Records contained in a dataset
────────
(* Let $\operatorname{Erf}(\xi)=\int_0^\xi e^{-x^2}\,dx$ and $n,m\in\mathbb{N}_0$. There are polynomials $p^*_{n,m},q^*_{n,m}\in\mathbb{Q}[x,y]$ with \[ \iint x^ny^m(x-y)e^{-(x-y)^2}\,dx\,dy=p^*_{n,m}(x,y)e^{-(x-y)^2}+q^*_{n,m}(x,y)\operatorname{Erf}(x-y) \] (i.e. $\partial_x\partial_y$ of the right-hand side equals $x^ny^m(x-y)e^{-(x-y)^2}$), such that $p^*_{n,m}$ has degree $n+m-1$ and $q^*_{n,m}$ has degree $n+m$.
   Context: A polynomial of negative degree means the zero polynomial. *)

theory Defs
  imports "HOL-Analysis.Analysis"
begin

text \<open>Bivariate polynomials over the rationals, represented by their coefficient
  function (coefficient of x^i y^j at (i,j)); a genuine polynomial has finite support.\<close>
type_synonym bipoly = "nat \<times> nat \<Rightarrow> rat"

definition bipoly :: "bipoly \<Rightarrow> bool" where
  "bipoly p \<longleftrightarrow> finite {ij. p ij \<noteq> 0}"

definition bipoly_eval :: "bipoly \<Rightarrow> real \<Rightarrow> real \<Rightarrow> real" where
  "bipoly_eval p x y = (\<Sum>ij\<in>{ij. p ij \<noteq> 0}. of_rat (p ij) * x ^ fst ij * y ^ snd ij)"

definition tdeg :: "bipoly \<Rightarrow> int" where
  "tdeg p = (if (\<forall>ij. p ij = 0) then -1 else int (Max {fst ij + snd ij | ij. p ij \<noteq> 0}))"

definition Erf :: "real \<Rightarrow> real" where
  "Erf \<xi> = (LBINT x=ereal 0..ereal \<xi>. exp (- (x^2)))"

end

(* Write e = exp(-(x-y)^2) and F = P e + Q Erf(x-y) with polynomials P, Q. The partial derivatives
   of F have the same shape:
     d/dx F = (P_x - 2(x-y) P + Q) e + Q_x Erf(x-y),   d/dy F = (P_y + 2(x-y) P - Q) e + Q_y Erf(x-y).
   So it suffices to find R and beta(y) with R_x - 2(x-y) R + beta = (x-y) x^n y^m, and then P and
   Q = alpha(x) + b(y) with b' = beta and P_y + 2(x-y) P - alpha = R + b. Both linear equations are
   solved degree by degree from the top: a form of degree d+1 minus the right multiple of y^(d+1)
   (resp. x^(d+1)) has coefficient sum 0, i.e. vanishes on x = y, so it is (x-y) times a form of
   degree d. Following the top coefficients through the construction gives the exact degrees; with
   N = n + m, the coefficients of x^N and y^N in Q are m/(2N) and n/(2N). *)

theory Submission
  imports Defs "HOL-Library.Function_Algebras"
begin

definition pderiv_x :: "bipoly \<Rightarrow> bipoly" where
  "pderiv_x p = (\<lambda>(i, j). of_nat (Suc i) * p (Suc i, j))"

definition pderiv_y :: "bipoly \<Rightarrow> bipoly" where
  "pderiv_y p = (\<lambda>(i, j). of_nat (Suc j) * p (i, Suc j))"

definition antideriv_y :: "bipoly \<Rightarrow> bipoly" where
  "antideriv_y p = (\<lambda>(i, j). if j = 0 then 0 else p (i, j - 1) / of_nat j)"

definition swap_vars :: "bipoly \<Rightarrow> bipoly" where
  "swap_vars p = (\<lambda>(i, j). p (j, i))"

definition mult_x :: "bipoly \<Rightarrow> bipoly" where
  "mult_x p = (\<lambda>(i, j). if i = 0 then 0 else p (i - 1, j))"

definition mult_y :: "bipoly \<Rightarrow> bipoly" where
  "mult_y p = (\<lambda>(i, j). if j = 0 then 0 else p (i, j - 1))"

definition mult_x_minus_y :: "bipoly \<Rightarrow> bipoly" where
  "mult_x_minus_y p = mult_x p - mult_y p"

definition bimonom :: "nat \<Rightarrow> nat \<Rightarrow> rat \<Rightarrow> bipoly" where
  "bimonom a b r = (\<lambda>(i, j). if i = a \<and> j = b then r else 0)"

lemma swap_vars_swap_vars [simp]: "swap_vars (swap_vars p) = p"
  by (simp add: swap_vars_def)

lemma mult_y_eq_swap: "mult_y p = swap_vars (mult_x (swap_vars p))"
  by (auto simp: mult_y_def mult_x_def swap_vars_def fun_eq_iff)

lemma pderiv_y_eq_swap: "pderiv_y p = swap_vars (pderiv_x (swap_vars p))"
  by (auto simp: pderiv_y_def pderiv_x_def swap_vars_def fun_eq_iff)

lemma pderiv_y_add: "pderiv_y (p + q) = pderiv_y p + pderiv_y q"
  by (auto simp: pderiv_y_def fun_eq_iff algebra_simps)

lemma pderiv_y_antideriv_y: "pderiv_y (antideriv_y p) = p"
  by (auto simp: pderiv_y_def antideriv_y_def fun_eq_iff)

subsection \<open>Evaluation\<close>

lemma bipoly_eval_superset:
  assumes "finite A" "{ij. p ij \<noteq> 0} \<subseteq> A"
  shows "bipoly_eval p x y = (\<Sum>ij\<in>A. of_rat (p ij) * x ^ fst ij * y ^ snd ij)"
  unfolding bipoly_eval_def by (rule sum.mono_neutral_left) (use assms in auto)

lemma bipoly_zero [simp]: "bipoly 0"
  by (simp add: bipoly_def)

lemma bipoly_eval_zero [simp]: "bipoly_eval 0 x y = 0"
  by (simp add: bipoly_eval_def)

lemma bipoly_add: "bipoly p \<Longrightarrow> bipoly q \<Longrightarrow> bipoly (p + q)"
  unfolding bipoly_def by (rule finite_subset[of _ "{ij. p ij \<noteq> 0} \<union> {ij. q ij \<noteq> 0}"]) auto

lemma bipoly_scale: "bipoly p \<Longrightarrow> bipoly (\<lambda>ij. r * p ij)"
  unfolding bipoly_def by (rule finite_subset[of _ "{ij. p ij \<noteq> 0}"]) auto

lemma bipoly_uminus: "bipoly p \<Longrightarrow> bipoly (- p)"
  using bipoly_scale[of p "-1"] by (simp add: fun_Compl_def)

lemma bipoly_diff: "bipoly p \<Longrightarrow> bipoly q \<Longrightarrow> bipoly (p - q)"
  unfolding diff_conv_add_uminus by (intro bipoly_add bipoly_uminus)

lemma bipoly_numeral_mult: "bipoly p \<Longrightarrow> bipoly (numeral k * p)"
  using bipoly_scale[of p "numeral k"] by (simp add: times_fun_def)

lemma bipoly_eval_add:
  assumes "bipoly p" "bipoly q"
  shows "bipoly_eval (p + q) x y = bipoly_eval p x y + bipoly_eval q x y"
proof -
  let ?A = "{ij. p ij \<noteq> 0} \<union> {ij. q ij \<noteq> 0}"
  have "finite ?A"
    using assms by (simp add: bipoly_def)
  then show ?thesis
    by (subst (1 2 3) bipoly_eval_superset[of ?A]) (auto simp: of_rat_add distrib_right sum.distrib)
qed

lemma bipoly_eval_scale:
  assumes "bipoly p"
  shows "bipoly_eval (\<lambda>ij. r * p ij) x y = of_rat r * bipoly_eval p x y"
proof -
  let ?A = "{ij. p ij \<noteq> 0}"
  have "finite ?A"
    using assms by (simp add: bipoly_def)
  then show ?thesis
    by (subst (1 2) bipoly_eval_superset[of ?A]) (auto simp: of_rat_mult sum_distrib_left mult.assoc)
qed

lemma bipoly_eval_numeral_mult:
  "bipoly p \<Longrightarrow> bipoly_eval (numeral k * p) x y = numeral k * bipoly_eval p x y"
  using bipoly_eval_scale[of p "numeral k"] by (simp add: times_fun_def)

lemma bipoly_eval_uminus: "bipoly p \<Longrightarrow> bipoly_eval (- p) x y = - bipoly_eval p x y"
  using bipoly_eval_scale[of p "-1"] by (simp add: fun_Compl_def)

lemma bipoly_eval_diff:
  "bipoly p \<Longrightarrow> bipoly q \<Longrightarrow> bipoly_eval (p - q) x y = bipoly_eval p x y - bipoly_eval q x y"
  using bipoly_eval_add[OF _ bipoly_uminus, of p q x y] by (simp add: bipoly_eval_uminus)

lemma support_swap_vars: "{ij. swap_vars p ij \<noteq> 0} = prod.swap ` {ij. p ij \<noteq> 0}"
  by (auto simp: swap_vars_def image_iff)

lemma bipoly_swap_vars: "bipoly p \<Longrightarrow> bipoly (swap_vars p)"
  unfolding bipoly_def support_swap_vars by simp

lemma bipoly_eval_swap_vars: "bipoly_eval (swap_vars p) x y = bipoly_eval p y x"
  unfolding bipoly_eval_def support_swap_vars
  by (subst sum.reindex) (auto simp: swap_vars_def mult_ac intro!: sum.cong)

lemma bipoly_mult_x: "bipoly p \<Longrightarrow> bipoly (mult_x p)"
  unfolding bipoly_def
  by (rule finite_subset[of _ "apfst Suc ` {ij. p ij \<noteq> 0}"])
     (auto simp: mult_x_def image_iff apfst_def map_prod_def split: if_splits intro!: exI[of _ "_ - 1"])

lemma bipoly_eval_mult_x:
  assumes "bipoly p"
  shows "bipoly_eval (mult_x p) x y = x * bipoly_eval p x y"
proof -
  let ?A = "apfst Suc ` {ij. p ij \<noteq> 0}"
  have "finite ?A"
    using assms by (simp add: bipoly_def)
  moreover have "{ij. mult_x p ij \<noteq> 0} \<subseteq> ?A"
    by (auto simp: mult_x_def image_iff apfst_def map_prod_def split: if_splits intro!: exI[of _ "_ - 1"])
  moreover have "inj_on (apfst Suc) B" for B :: "(nat \<times> nat) set"
    by (auto simp: inj_on_def apfst_def map_prod_def)
  ultimately show ?thesis
    by (simp add: bipoly_eval_superset sum.reindex)
       (simp add: mult_x_def bipoly_eval_def sum_distrib_left mult_ac apfst_def map_prod_def split_def)
qed

lemma bipoly_mult_y: "bipoly p \<Longrightarrow> bipoly (mult_y p)"
  by (simp add: mult_y_eq_swap bipoly_swap_vars bipoly_mult_x)

lemma bipoly_eval_mult_y: "bipoly p \<Longrightarrow> bipoly_eval (mult_y p) x y = y * bipoly_eval p x y"
  by (simp add: mult_y_eq_swap bipoly_eval_swap_vars bipoly_swap_vars bipoly_eval_mult_x)

lemma bipoly_mult_x_minus_y: "bipoly p \<Longrightarrow> bipoly (mult_x_minus_y p)"
  unfolding mult_x_minus_y_def by (intro bipoly_diff bipoly_mult_x bipoly_mult_y)

lemma bipoly_eval_mult_x_minus_y:
  "bipoly p \<Longrightarrow> bipoly_eval (mult_x_minus_y p) x y = (x - y) * bipoly_eval p x y"
  by (simp add: mult_x_minus_y_def bipoly_eval_diff bipoly_mult_x bipoly_mult_y
      bipoly_eval_mult_x bipoly_eval_mult_y left_diff_distrib)

lemma bipoly_bimonom: "bipoly (bimonom a b r)"
  unfolding bipoly_def by (rule finite_subset[of _ "{(a, b)}"]) (auto simp: bimonom_def split: if_splits)

lemma bipoly_eval_bimonom: "bipoly_eval (bimonom a b r) x y = of_rat r * x ^ a * y ^ b"
  by (subst bipoly_eval_superset[of "{(a, b)}"]) (auto simp: bimonom_def split: if_splits)

subsection \<open>Derivatives\<close>

lemma bipoly_pderiv_x: "bipoly p \<Longrightarrow> bipoly (pderiv_x p)"
  unfolding bipoly_def
  by (rule finite_subset[of _ "apfst (\<lambda>i. i - 1) ` {ij. p ij \<noteq> 0}"])
     (auto simp: pderiv_x_def image_iff apfst_def map_prod_def intro!: exI[of _ "Suc _"])

lemma bipoly_pderiv_y: "bipoly p \<Longrightarrow> bipoly (pderiv_y p)"
  by (simp add: pderiv_y_eq_swap bipoly_swap_vars bipoly_pderiv_x)

lemma bipoly_eval_pderiv_x:
  assumes "bipoly p"
  shows "bipoly_eval (pderiv_x p) x y =
    (\<Sum>ij | p ij \<noteq> 0. of_rat (p ij) * (of_nat (fst ij) * x ^ (fst ij - 1)) * y ^ snd ij)"
proof -
  let ?S = "{ij. p ij \<noteq> 0}"
  let ?S' = "?S \<inter> {ij. 0 < fst ij}"
  let ?f = "\<lambda>(i :: nat, j :: nat). (i - 1, j)"
  have fin: "finite ?S"
    using assms by (simp add: bipoly_def)
  have "{ij. pderiv_x p ij \<noteq> 0} \<subseteq> ?f ` ?S'"
    by (auto simp: pderiv_x_def image_iff intro!: bexI[of _ "(Suc _, _)"])
  then have "bipoly_eval (pderiv_x p) x y =
      (\<Sum>ij\<in>?f ` ?S'. of_rat (pderiv_x p ij) * x ^ fst ij * y ^ snd ij)"
    using fin by (intro bipoly_eval_superset) auto
  also have "\<dots> = (\<Sum>ij\<in>?S'. of_rat (p ij) * (of_nat (fst ij) * x ^ (fst ij - 1)) * y ^ snd ij)"
    by (subst sum.reindex) (auto simp: inj_on_def pderiv_x_def of_rat_mult mult_ac intro!: sum.cong)
  also have "\<dots> = (\<Sum>ij\<in>?S. of_rat (p ij) * (of_nat (fst ij) * x ^ (fst ij - 1)) * y ^ snd ij)"
    by (rule sum.mono_neutral_left) (use fin in auto)
  finally show ?thesis .
qed

lemma bipoly_eval_DERIV_x:
  assumes "bipoly p"
  shows "((\<lambda>x. bipoly_eval p x y) has_real_derivative bipoly_eval (pderiv_x p) x y) (at x)"
  unfolding bipoly_eval_pderiv_x[OF assms] unfolding bipoly_eval_def
  by (intro DERIV_sum DERIV_cmult_right DERIV_cmult) (metis DERIV_pow One_nat_def)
────────
From the entries, copy every line in which the word "degree" occurs.

* Response *
(* Let $\operatorname{Erf}(\xi)=\int_0^\xi e^{-x^2}\,dx$ and $n,m\in\mathbb{N}_0$. There are polynomials $p^*_{n,m},q^*_{n,m}\in\mathbb{Q}[x,y]$ with \[ \iint x^ny^m(x-y)e^{-(x-y)^2}\,dx\,dy=p^*_{n,m}(x,y)e^{-(x-y)^2}+q^*_{n,m}(x,y)\operatorname{Erf}(x-y) \] (i.e. $\partial_x\partial_y$ of the right-hand side equals $x^ny^m(x-y)e^{-(x-y)^2}$), such that $p^*_{n,m}$ has degree $n+m-1$ and $q^*_{n,m}$ has degree $n+m$.
   Context: A polynomial of negative degree means the zero polynomial. *)
   solved degree by degree from the top: a form of degree d+1 minus the right multiple of y^(d+1)
   degree d. Following the top coefficients through the construction gives the exact degrees; with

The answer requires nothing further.